The way Navie remakes these beats like nothing 🤦🏻♂️
Not liking gold digger is crazy
For Memory Lane the Ruben Wilson sample starts at the 0:21 of the song not at the part shown.
Please don't take this the wrong way bruvs. I'm just pointing it out.
Please do a Daringer explanation
@Navie D - how do you do your beat remakes?
What's the process?
I love "the Realest", "Memory Lane", "Deep Cover"🔥and liked "Gold digger"...
ALMOST CRIED WHEN YOU DID THE REALEST MOBB DEEP. ONE OF MY FAVE BEATS OF ALL TIME
Normal Producer after spending 10 hours on a track: "It's too simple, I hate it!"
Kanye after spending 30 minutes on a track: "I put a drum loop over an existing song, IM A FREAKING GENIUS!"
Great vid as always 🤜🏾
Glad you liked it boss!
The dr dre bass synth on deep cover very well could be a moog but I believe its from the Studio Electronics Omega 8 synth which I know he used around this time which is also an analog synth very similar to a Moog but had 8 voices.

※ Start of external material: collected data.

(* Let $l<h$ be constants and $n$ a positive integer, and let $\phi_0,\phi_1,\phi_2,\ldots$ be univariate polynomials (a polynomial basis), with $\phi_i$ used for index $i$. Suppose there is a function $\xi(m)$ such that for every $m$, every $a_0,\ldots,a_m\in\mathbb{R}^d$ and the univariate polynomial $g(t)=\sum_{i=0}^m a_i\phi_i(t)$, $$\|a_i\|\le \xi(m)\max_{l\le t\le h}\|g(t)\|\quad (i=0,\ldots,m).$$ Suppose also there is a function $\zeta(m_1,\ldots,m_n)$ such that for all $\bar a_{i_1,\ldots,i_n}\in\mathbb{R}^d$ ($i_j=0,\ldots,m_j$) and $\bar g(x_1,\ldots,x_n)=\sum_{i_1=0}^{m_1}\cdots\sum_{i_n=0}^{m_n}\bar a_{i_1,\ldots,i_n}\phi_{i_1}(x_1)\cdots\phi_{i_n}(x_n)$, $$\|\bar a_{i_1,\ldots,i_n}\|\le \zeta(m_1,\ldots,m_n)\max_{l\le x_1,\ldots,x_n\le h}\|\bar g(x_1,\ldots,x_n)\|.$$ Then for all $b_{i_1,\ldots,i_{n+1}}\in\mathbb{R}^d$ ($i_j=0,\ldots,m_j$) and $f(x_1,\ldots,x_{n+1})=\sum_{i_1=0}^{m_1}\cdots\sum_{i_{n+1}=0}^{m_{n+1}} b_{i_1,\ldots,i_{n+1}}\phi_{i_1}(x_1)\cdots\phi_{i_{n+1}}(x_{n+1})$, $$\|b_{i_1,\ldots,i_{n+1}}\|\le \zeta(m_1,\ldots,m_n)\,\xi(m_{n+1})\max_{l\le x_1,\ldots,x_{n+1}\le h}\|f(x_1,\ldots,x_{n+1})\|.$$
   Context: $\|\cdot\|$ denotes a fixed vector norm on $\mathbb{R}^d$ (the paper works with the infinity norm). *)

theory Defs
  imports "HOL-Analysis.Analysis" "HOL-Computational_Algebra.Polynomial"
begin

definition is_vec_norm :: "(real ^ 'd \<Rightarrow> real) \<Rightarrow> bool" where
  "is_vec_norm N \<longleftrightarrow>
     (\<forall>x. 0 \<le> N x) \<and> (\<forall>x. N x = 0 \<longleftrightarrow> x = 0) \<and>
     (\<forall>x y. N (x + y) \<le> N x + N y) \<and> (\<forall>c x. N (c *\<^sub>R x) = \<bar>c\<bar> * N x)"

text \<open>Multi-indices (i_1,...,i_n) are functions on {..<n} (index j stands for variable x_(j+1));
  the degree vector (m_1,...,m_n) is a list ms of length n.\<close>
definition multi_idx :: "nat \<Rightarrow> nat list \<Rightarrow> (nat \<Rightarrow> nat) set" where
  "multi_idx n ms = PiE {..<n} (\<lambda>j. {..ms ! j})"

definition box :: "nat \<Rightarrow> real \<Rightarrow> real \<Rightarrow> (nat \<Rightarrow> real) set" where
  "box n l h = PiE {..<n} (\<lambda>j. {l..h})"

definition multi_eval :: "(nat \<Rightarrow> real poly) \<Rightarrow> nat \<Rightarrow> nat list \<Rightarrow> ((nat \<Rightarrow> nat) \<Rightarrow> 'v::real_vector)
    \<Rightarrow> (nat \<Rightarrow> real) \<Rightarrow> 'v" where
  "multi_eval phi n ms a x = (\<Sum>i\<in>multi_idx n ms. (\<Prod>j<n. poly (phi (i j)) (x j)) *\<^sub>R a i)"

end

theory Submission
  imports Defs
begin

text \<open>Freeze the first n variables at x. In the last variable f is then a univariate expansion
  whose k-th coefficient c_k(x) is the n-variate expansion with coefficients b_(g,k). The
  hypothesis on xi bounds each c_k(x) by xi(m_(n+1)) times the maximum of f, uniformly in x, and
  the hypothesis on zeta applied to c_k bounds its coefficients. Both constants are nonnegative
  because the hypotheses hold for constant coefficients 1.\<close>

lemma is_vec_norm_nonneg: "is_vec_norm N \<Longrightarrow> 0 \<le> N x"
  unfolding is_vec_norm_def by blast

lemma is_vec_norm_scaleR: "is_vec_norm N \<Longrightarrow> N (c *\<^sub>R x) = \<bar>c\<bar> * N x"
  unfolding is_vec_norm_def by blast

lemma is_vec_norm_one_pos: "is_vec_norm N \<Longrightarrow> 0 < N (1 :: real ^ 'd)"
proof -
  assume N: "is_vec_norm N"
  have "(1 :: real ^ 'd) \<noteq> 0" by simp
  with N show ?thesis
    unfolding is_vec_norm_def by (metis order_le_less)
qed

lemma is_vec_norm_sum_le:
  assumes "is_vec_norm N" "finite A"
  shows "N (\<Sum>i\<in>A. f i) \<le> (\<Sum>i\<in>A. N (f i))"
  using assms(2)
proof (induction A rule: finite_induct)
  case empty
  then show ?case using assms(1) unfolding is_vec_norm_def by (metis order_refl sum.empty)
next
  case (insert x F)
  have "N (f x + sum f F) \<le> N (f x) + N (sum f F)"
    using assms(1) unfolding is_vec_norm_def by blast
  then show ?case using insert by simp
qed

lemma is_vec_norm_sum_scaleR_le:
  assumes N: "is_vec_norm N" and "finite A" and B: "\<And>i. i \<in> A \<Longrightarrow> \<bar>c i\<bar> \<le> B i"
  shows "N (\<Sum>i\<in>A. c i *\<^sub>R a i) \<le> (\<Sum>i\<in>A. B i * N (a i))"
proof -
  have "N (\<Sum>i\<in>A. c i *\<^sub>R a i) \<le> (\<Sum>i\<in>A. \<bar>c i\<bar> * N (a i))"
    using is_vec_norm_sum_le[OF N \<open>finite A\<close>, of "\<lambda>i. c i *\<^sub>R a i"]
    by (simp add: is_vec_norm_scaleR[OF N])
  also have "\<dots> \<le> (\<Sum>i\<in>A. B i * N (a i))"
    by (intro sum_mono mult_right_mono B is_vec_norm_nonneg[OF N])
  finally show ?thesis .
qed

lemma nonneg_if_vec_norm_one_le:
  assumes "is_vec_norm N" "N (1 :: real ^ 'd) \<le> c * s" "0 \<le> s"
  shows "0 \<le> (c :: real)"
  using is_vec_norm_one_pos[OF assms(1)] assms(2,3)
  by (smt (verit) mult_nonpos_nonneg)

lemma SUP_nonneg_real:
  fixes f :: "'a \<Rightarrow> real"
  assumes "bdd_above (f ` A)" "A \<noteq> {}" "\<And>x. x \<in> A \<Longrightarrow> 0 \<le> f x"
  shows "0 \<le> (SUP x\<in>A. f x)"
  using assms by (metis cSUP_upper2 ex_in_conv)

lemma poly_bounded_on_interval:
  fixes phi :: "nat \<Rightarrow> real poly"
  obtains B where "\<And>k t. t \<in> {l..h} \<Longrightarrow> \<bar>poly (phi k) t\<bar> \<le> B k"
proof -
  have "\<exists>b. \<forall>t\<in>{l..h}. \<bar>poly (phi k) t\<bar> \<le> b" for k
  proof -
    have "compact (poly (phi k) ` {l..h})"
      by (intro compact_continuous_image continuous_intros) auto
    then have "bounded (poly (phi k) ` {l..h})"
      by (rule compact_imp_bounded)
    then show ?thesis
      unfolding bounded_iff by auto
  qed
  then show ?thesis using that by metis
qed

lemma finite_multi_idx: "finite (multi_idx n ms)"
  unfolding multi_idx_def by (rule finite_PiE) auto

lemma box_nonempty: "l \<le> h \<Longrightarrow> box n l h \<noteq> {}"
  unfolding box_def by (simp add: PiE_eq_empty_iff)

lemma fun_upd_in_box_Suc: "x \<in> box n l h \<Longrightarrow> t \<in> {l..h} \<Longrightarrow> x(n := t) \<in> box (Suc n) l h"
  unfolding box_def lessThan_Suc by (simp add: PiE_fun_upd)

lemma multi_eval_fun_upd_eq: "multi_eval phi n ms a (x(n := t)) = multi_eval phi n ms a x"
  unfolding multi_eval_def by (intro sum.cong refl arg_cong2[where f=scaleR] prod.cong) auto

lemma bdd_above_norm_multi_eval:
  assumes N: "is_vec_norm N"
  shows "bdd_above ((\<lambda>x. N (multi_eval phi n ms (a :: _ \<Rightarrow> real ^ 'd) x)) ` box n l h)"
proof -
  obtain B where B: "\<And>k t. t \<in> {l..h} \<Longrightarrow> \<bar>poly (phi k) t\<bar> \<le> B k"
    using poly_bounded_on_interval by metis
  have "N (multi_eval phi n ms a x) \<le> (\<Sum>i\<in>multi_idx n ms. (\<Prod>j<n. B (i j)) * N (a i))"
    if "x \<in> box n l h" for x
  proof -
    have x: "\<And>j. j < n \<Longrightarrow> x j \<in> {l..h}"
      using that unfolding box_def by auto
    have "\<bar>\<Prod>j<n. poly (phi (i j)) (x j)\<bar> \<le> (\<Prod>j<n. B (i j))" for i
      unfolding abs_prod by (intro prod_mono) (use B x in auto)
    then show ?thesis
      unfolding multi_eval_def by (intro is_vec_norm_sum_scaleR_le[OF N finite_multi_idx])
  qed
  then show ?thesis by (rule bdd_aboveI2)
qed

lemma bdd_above_norm_poly_sum:
  fixes phi :: "nat \<Rightarrow> real poly"
  assumes N: "is_vec_norm N"
  shows "bdd_above ((\<lambda>t. N (\<Sum>k\<le>m. poly (phi k) t *\<^sub>R (a k :: real ^ 'd))) ` {l..h})"
proof -
  obtain B where B: "\<And>k t. t \<in> {l..h} \<Longrightarrow> \<bar>poly (phi k) t\<bar> \<le> B k"
    using poly_bounded_on_interval by metis
  have "N (\<Sum>k\<le>m. poly (phi k) t *\<^sub>R a k) \<le> (\<Sum>k\<le>m. B k * N (a k))" if "t \<in> {l..h}" for t
    by (intro is_vec_norm_sum_scaleR_le[OF N] B that) simp
  then show ?thesis by (rule bdd_aboveI2)
qed

lemma last_eq_nth: "length ms = Suc n \<Longrightarrow> last ms = ms ! n"
  by (cases ms rule: rev_cases) auto

lemma multi_idx_butlast: "length ms = Suc n \<Longrightarrow> multi_idx n (butlast ms) = PiE {..<n} (\<lambda>j. {..ms ! j})"
  unfolding multi_idx_def by (intro PiE_cong) (simp add: nth_butlast)

lemma multi_idx_Suc_split:
  assumes len: "length ms = Suc n" and i: "i \<in> multi_idx (Suc n) ms"
  shows "restrict i {..<n} \<in> multi_idx n (butlast ms)"
    and "(restrict i {..<n})(n := i n) = i"
    and "i n \<le> last ms"
proof -
  have iPi: "i \<in> PiE (insert n {..<n}) (\<lambda>j. {..ms ! j})"
    using i unfolding multi_idx_def lessThan_Suc .
  show "restrict i {..<n} \<in> multi_idx n (butlast ms)"
    using iPi unfolding multi_idx_butlast[OF len] by auto
  show "(restrict i {..<n})(n := i n) = i"
  proof
    fix j
    show "((restrict i {..<n})(n := i n)) j = i j"
      using PiE_arb[OF iPi, of j] by (cases "j < n") auto
  qed
  show "i n \<le> last ms"
    using iPi unfolding last_eq_nth[OF len] by auto
qed

lemma multi_eval_Suc:
  assumes len: "length ms = Suc n"
  shows "multi_eval phi (Suc n) ms b x =
    (\<Sum>k\<le>last ms. poly (phi k) (x n) *\<^sub>R multi_eval phi n (butlast ms) (\<lambda>g. b (g(n := k))) x)"
proof -
  let ?I = "PiE {..<n} (\<lambda>j. {..ms ! j})"
  let ?upd = "\<lambda>(k, g). g(n := k)"
  have idx: "multi_idx (Suc n) ms = ?upd ` ({..ms ! n} \<times> ?I)"
    unfolding multi_idx_def lessThan_Suc by (simp add: PiE_insert_eq)
  have inj: "inj_on ?upd ({..ms ! n} \<times> ?I)"
    using inj_combinator[of n "{..<n}" "\<lambda>j. {..ms ! j}"] by simp
  have prod_upd: "(\<Prod>j<Suc n. poly (phi ((g(n := k)) j)) (x j)) =
      poly (phi k) (x n) * (\<Prod>j<n. poly (phi (g j)) (x j))" for g k
    by (simp add: prod.lessThan_Suc)
  have "multi_eval phi (Suc n) ms b x =
      (\<Sum>(k, g)\<in>{..ms ! n} \<times> ?I. (\<Prod>j<Suc n. poly (phi ((g(n := k)) j)) (x j)) *\<^sub>R b (g(n := k)))"
    unfolding multi_eval_def idx by (subst sum.reindex[OF inj]) (simp add: case_prod_unfold)
  also have "\<dots> = (\<Sum>k\<le>ms ! n. poly (phi k) (x n) *\<^sub>R
      (\<Sum>g\<in>?I. (\<Prod>j<n. poly (phi (g j)) (x j)) *\<^sub>R b (g(n := k))))"
    by (subst sum.cartesian_product[symmetric]) (simp add: prod_upd scaleR_sum_right mult.commute)
  finally show ?thesis
    unfolding multi_eval_def multi_idx_butlast[OF len] last_eq_nth[OF len] .
qed

lemma univariate_coeff_bound_nonneg:
  fixes N :: "real ^ 'd \<Rightarrow> real"
  assumes N: "is_vec_norm N" and lh: "l \<le> h"
    and hxi: "\<And>(a :: nat \<Rightarrow> real ^ 'd) i. i \<le> m \<Longrightarrow>
        N (a i) \<le> xi m * (SUP t\<in>{l..h}. N (\<Sum>k\<le>m. poly (phi k) t *\<^sub>R a k))"
  shows "0 \<le> xi m"
proof (rule nonneg_if_vec_norm_one_le[OF N])
  let ?a = "\<lambda>_. 1 :: real ^ 'd"
  show "N 1 \<le> xi m * (SUP t\<in>{l..h}. N (\<Sum>k\<le>m. poly (phi k) t *\<^sub>R ?a k))"
    using hxi[of m ?a] by simp
  show "0 \<le> (SUP t\<in>{l..h}. N (\<Sum>k\<le>m. poly (phi k) t *\<^sub>R ?a k))"
    using lh by (intro SUP_nonneg_real bdd_above_norm_poly_sum[OF N] is_vec_norm_nonneg[OF N]) auto
qed

lemma multivariate_coeff_bound_nonneg:
  fixes N :: "real ^ 'd \<Rightarrow> real"
  assumes N: "is_vec_norm N" and lh: "l \<le> h"
    and hzeta: "\<And>(a :: (nat \<Rightarrow> nat) \<Rightarrow> real ^ 'd) i. i \<in> multi_idx n ms \<Longrightarrow>
        N (a i) \<le> zeta ms * (SUP x\<in>box n l h. N (multi_eval phi n ms a x))"
  shows "0 \<le> zeta ms"
proof (rule nonneg_if_vec_norm_one_le[OF N])
  let ?a = "\<lambda>_. 1 :: real ^ 'd"
  have idx: "restrict (\<lambda>_. 0) {..<n} \<in> multi_idx n ms"
    unfolding multi_idx_def by auto
  show "N 1 \<le> zeta ms * (SUP x\<in>box n l h. N (multi_eval phi n ms ?a x))"
    using hzeta[where a="?a", OF idx] by simp
  show "0 \<le> (SUP x\<in>box n l h. N (multi_eval phi n ms ?a x))"
    by (intro SUP_nonneg_real bdd_above_norm_multi_eval[OF N] box_nonempty[OF lh]
        is_vec_norm_nonneg[OF N])
qed

lemma slice_coeff_bound:
  fixes N :: "real ^ 'd \<Rightarrow> real" and b :: "(nat \<Rightarrow> nat) \<Rightarrow> real ^ 'd"
  assumes N: "is_vec_norm N" and lh: "l \<le> h" and len: "length ms = Suc n"
    and hxi: "\<And>(a :: nat \<Rightarrow> real ^ 'd) i. i \<le> last ms \<Longrightarrow>
        N (a i) \<le> xi (last ms) * (SUP t\<in>{l..h}. N (\<Sum>k\<le>last ms. poly (phi k) t *\<^sub>R a k))"
    and x: "x \<in> box n l h" and k: "k \<le> last ms"
  shows "N (multi_eval phi n (butlast ms) (\<lambda>g. b (g(n := k))) x)
    \<le> xi (last ms) * (SUP y\<in>box (Suc n) l h. N (multi_eval phi (Suc n) ms b y))"
proof -
  define c where "c j = multi_eval phi n (butlast ms) (\<lambda>g. b (g(n := j))) x" for j
  have slice: "(\<Sum>j\<le>last ms. poly (phi j) t *\<^sub>R c j) = multi_eval phi (Suc n) ms b (x(n := t))" for t
    by (simp add: multi_eval_Suc[OF len] multi_eval_fun_upd_eq c_def)
  have "(SUP t\<in>{l..h}. N (\<Sum>j\<le>last ms. poly (phi j) t *\<^sub>R c j))
      \<le> (SUP y\<in>box (Suc n) l h. N (multi_eval phi (Suc n) ms b y))"
    unfolding slice using lh
    by (intro cSUP_least cSUP_upper fun_upd_in_box_Suc[OF x] bdd_above_norm_multi_eval[OF N]) auto
  with hxi[OF k] univariate_coeff_bound_nonneg[where m="last ms" and xi=xi and phi=phi, OF N lh hxi] show ?thesis
    unfolding c_def[symmetric] by (meson mult_left_mono order_trans)
qed

theorem lemma1:
  fixes N :: "real ^ 'd \<Rightarrow> real"
    and phi :: "nat \<Rightarrow> real poly"
    and l h :: real and n :: nat
    and xi :: "nat \<Rightarrow> real" and zeta :: "nat list \<Rightarrow> real"
  assumes norm: "is_vec_norm N"
    and lh: "l < h" and npos: "0 < n"
    and hxi: "\<And>(m::nat) (a :: nat \<Rightarrow> real ^ 'd) i. i \<le> m \<Longrightarrow>
        N (a i) \<le> xi m * (SUP t\<in>{l..h}. N (\<Sum>k\<le>m. poly (phi k) t *\<^sub>R a k))"
    and hzeta: "\<And>ms (a :: (nat \<Rightarrow> nat) \<Rightarrow> real ^ 'd) i. length ms = n \<Longrightarrow> i \<in> multi_idx n ms \<Longrightarrow>
        N (a i) \<le> zeta ms * (SUP x\<in>box n l h. N (multi_eval phi n ms a x))"
  shows "\<And>ms (b :: (nat \<Rightarrow> nat) \<Rightarrow> real ^ 'd) i. length ms = Suc n \<Longrightarrow> i \<in> multi_idx (Suc n) ms \<Longrightarrow>
        N (b i) \<le> zeta (butlast ms) * xi (last ms) *
                  (SUP x\<in>box (Suc n) l h. N (multi_eval phi (Suc n) ms b x))"
proof -
  fix ms and b :: "(nat \<Rightarrow> nat) \<Rightarrow> real ^ 'd" and i
  assume len: "length ms = Suc n" and i: "i \<in> multi_idx (Suc n) ms"
  let ?S = "SUP x\<in>box (Suc n) l h. N (multi_eval phi (Suc n) ms b x)"
  let ?c = "\<lambda>g. b (g(n := i n))"
  have len': "length (butlast ms) = n" using len by simp
  have le: "l \<le> h" using lh by simp
  note split = multi_idx_Suc_split[OF len i]
  have "N (b i) = N (?c (restrict i {..<n}))"
    using split(2) by simp
  also have "\<dots> \<le> zeta (butlast ms) * (SUP x\<in>box n l h. N (multi_eval phi n (butlast ms) ?c x))"
    by (rule hzeta[OF len' split(1)])
  also have "\<dots> \<le> zeta (butlast ms) * (xi (last ms) * ?S)"
  proof (rule mult_left_mono)
    show "(SUP x\<in>box n l h. N (multi_eval phi n (butlast ms) ?c x)) \<le> xi (last ms) * ?S"
      using slice_coeff_bound[where phi=phi and xi=xi and b=b, OF norm le len hxi _ split(3)]
        box_nonempty[OF le]
      by (intro cSUP_least)
    show "0 \<le> zeta (butlast ms)"
      using multivariate_coeff_bound_nonneg[where zeta=zeta and phi=phi, OF norm le hzeta[OF len']] .
  qed
  finally show "N (b i) \<le> zeta (butlast ms) * xi (last ms) * ?S"
    by (simp add: mult.assoc)
qed

end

Its what he used to create that classic "west coast/G-funk" sound...
I’ve made like 100 beats back from 2015 to 2019 and only like the beats I’ve made from 2021-to now 😂 no cap 🧢 tho the best beats probably would never be heard or used take RUclips for example thousands of beats uploaded a day
Never delete your beats.
the onley thing i hate in music is the "glass marbles" hat roll / the cockroach sound hat roll , and the "tambourine without zills" snare sound ... yes its the modern and the mainstream that you hear anywhere and you can not avoid it at all ... the modern EDM rap/rnb/pop that makes fl studio the most hated daw in the planet
lol posted once a sample on Looperman (back than as SuperStellarMusic) because i just did not like it at all, so why not giving it for free to someone else. Guess what? Nardo Wick used it for his song "Knock Knock". Still don't like it.
Literally the intro to dr dre, a simple chill melody, most hit songs start out simple and ramp up, the outro fades back to that simple loop. It doesn't take a master class to go listen to every gold and platinum song and hear how simple it is. The complexity comes in the climax. Thats what people like to hear.
A famous drummer from old school said this: "It is not about beat per minute, but FEEL per minute"!!! Stay tuned bro 😎🙏
That alchemist beat is so fire such a dope sample
The common theme I'm seeing, most of the producers think the beats are too simple. But sometimes simple is more. Memory Lane is my favorite Nas song. Little did Dre know, the song he hated, change the whole game. btw, I'm a new subscriber and this is very interesting.